[Collected data entries]
####################

(* Let $n\ge 2$ be a power of $2$ and let $\mathcal{T}$ be a standard single-elimination tournament with $n$ players. Then for every scoring system $\sigma$ of $\mathcal{T}$ we have $\dim(\mathcal{T},\sigma)=n/2$. Moreover, for every such $n$ there exists a set of $n/2$ brackets of $\mathcal{T}$ which is $\sigma$-resolving for every scoring system $\sigma$.
   Context: A single-elimination tournament is a finite directed graph $\mathcal{T}$ such that: (a) $\mathcal{T}$ has exactly one sink (vertex with no out-neighbours); (b) every non-sink vertex has exactly one out-neighbour; (c) $\mathcal{T}$ has no directed cycles; (d) $|N^-(v)|\ne 1$ for every vertex $v$, where $N^-(v)$ denotes the set of in-neighbours of $v$. The players $P(\mathcal{T})$ are the sources (vertices with no in-neighbours) and the matches are $M(\mathcal{T})=V(\mathcal{T})\setminus P(\mathcal{T})$. $\mathcal{T}$ is standard if it is obtained from a complete binary tree by orienting all edges towards its center (root). A bracket is a function $B:V(\mathcal{T})\to P(\mathcal{T})$ with $B(a)=a$ for every player $a$ and $B(x)\in\{B(u):u\in N^-(x)\}$ for every match $x$. A scoring system is any function $\sigma:M(\mathcal{T})\to\mathbb{R}_{>0}$. For brackets $B,B'$ let $\mathrm{score}_\sigma(B,B')=\sum_{x\in M(\mathcal{T}):\,B(x)=B'(x)}\sigma(x)$. A set of brackets $\mathcal{B}$ is $\sigma$-resolving if for every pair of distinct brackets $B\ne B'$ there is $B_i\in\mathcal{B}$ with $\mathrm{score}_\sigma(B_i,B)\ne\mathrm{score}_\sigma(B_i,B')$. $\dim(\mathcal{T},\sigma)$ denotes the minimum size of a $\sigma$-resolving set. *)

theory Defs
  imports Complex_Main
begin

definition in_nbrs :: "('a \<times> 'a) set \<Rightarrow> 'a \<Rightarrow> 'a set" where
  "in_nbrs E v = {u. (u, v) \<in> E}"

definition players :: "'a set \<Rightarrow> ('a \<times> 'a) set \<Rightarrow> 'a set" where
  "players V E = {v \<in> V. in_nbrs E v = {}}"

definition matches :: "'a set \<Rightarrow> ('a \<times> 'a) set \<Rightarrow> 'a set" where
  "matches V E = V - players V E"

text \<open>Complete binary tree of depth k: nodes are boolean words of length at most k,
  the root is the empty word; every edge is oriented from a child (xs @ [b]) to its
  parent xs, i.e. towards the root.\<close>

definition cbt_nodes :: "nat \<Rightarrow> bool list set" where
  "cbt_nodes k = {xs. length xs \<le> k}"
(* In the setting of the context, for every $j\ge0$, the generating function $\varphi_j(x)=\sum_{i\ge0}\pi_{i,j}x^i$ satisfies $$\varphi_j(x)\sim C^j\pi_{0,0}(1-r_0x)^{-j-1}\quad\text{as } r_0x\to1,$$ i.e. $\lim_{r_0x\to1}(1-r_0x)^{j+1}\varphi_j(x)=C^j\pi_{0,0}$, where $$C=\frac{q}{\bar q}\cdot\frac{\bar p\mu_hr_0^2+(p\mu_h+\bar p\bar\mu_h)r_0+p\bar\mu_h}{p\bar\mu_h-\bar p\mu_hr_0^2}.$$
   Context: Fix $p,q,\mu_h,\mu_l\in(0,1)$ with $p+q+\mu_h+\mu_l=1$ and $\mu_l\le\mu_h$. For real $x$ write $\bar x=1-x$; let $\rho=p/\mu_h+q/\mu_l$ and assume $\rho<1$. Let $(Q_1(n),Q_2(n))_{n\ge0}$ be the discrete-time Markov chain on $\mathbb{Z}_{\ge0}^2$ (numbers of high- and low-priority customers in a discrete-time preemptive priority queue, early arrival system) whose one-step transition probabilities from $(i,j)$ to $(i+k,j+l)$ are as follows (unlisted transitions have probability $0$). If $i\ge1$, $j\ge0$: $(k,l)=(1,0)$: $p\bar q\bar\mu_h$; $(1,1)$: $pq\bar\mu_h$; $(0,1)$: $pq\mu_h+\bar pq\bar\mu_h$; $(-1,1)$: $\bar pq\mu_h$; $(-1,0)$: $\bar p\bar q\mu_h$; $(0,0)$: $\bar p\bar q\bar\mu_h+p\bar q\mu_h$. If $i=0$, $j\ge1$: $(1,0)$: $p\bar q\bar\mu_h$; $(1,1)$: $pq\bar\mu_h$; $(0,1)$: $pq\mu_h+\bar pq\bar\mu_l$; $(0,-1)$: $\bar p\bar q\mu_l$; $(0,0)$: $\bar p\bar q\bar\mu_l+p\bar q\mu_h+\bar pq\mu_l$. If $(i,j)=(0,0)$: $(1,0)$: $p\bar q\bar\mu_h$; $(1,1)$: $pq\bar\mu_h$; $(0,1)$: $pq\mu_h+\bar pq\bar\mu_l$; $(0,0)$: $\bar p\bar q+p\bar q\mu_h+\bar pq\mu_l$. Let $(\pi_{i,j})_{i,j\ge0}$ be its stationary distribution. Let $r_0=1/x_1(0)$, where $x_1(0)=\frac{1-(p\mu_h+\bar p\bar\mu_h)\bar q+\sqrt{\Delta(0)}}{2p\bar\mu_h\bar q}$ with $\Delta(0)=(p\mu_h-\bar p\bar\mu_h)^2\bar q^2-2(p\mu_h+\bar p\bar\mu_h)\bar q+1>0$ and the positive square root; $\varphi_j$ is understood as its analytic continuation to a neighbourhood of $1/r_0$ minus the point $1/r_0$, and the limit is taken within a $\Delta$-domain at $1/r_0$. *)

theory Defs
  imports "HOL-Analysis.Analysis"
begin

####################

#### TASK
Among the lines above, the ones holding the word "there" must be counted; only that count is to be given.

#### WRITTEN ANSWER
2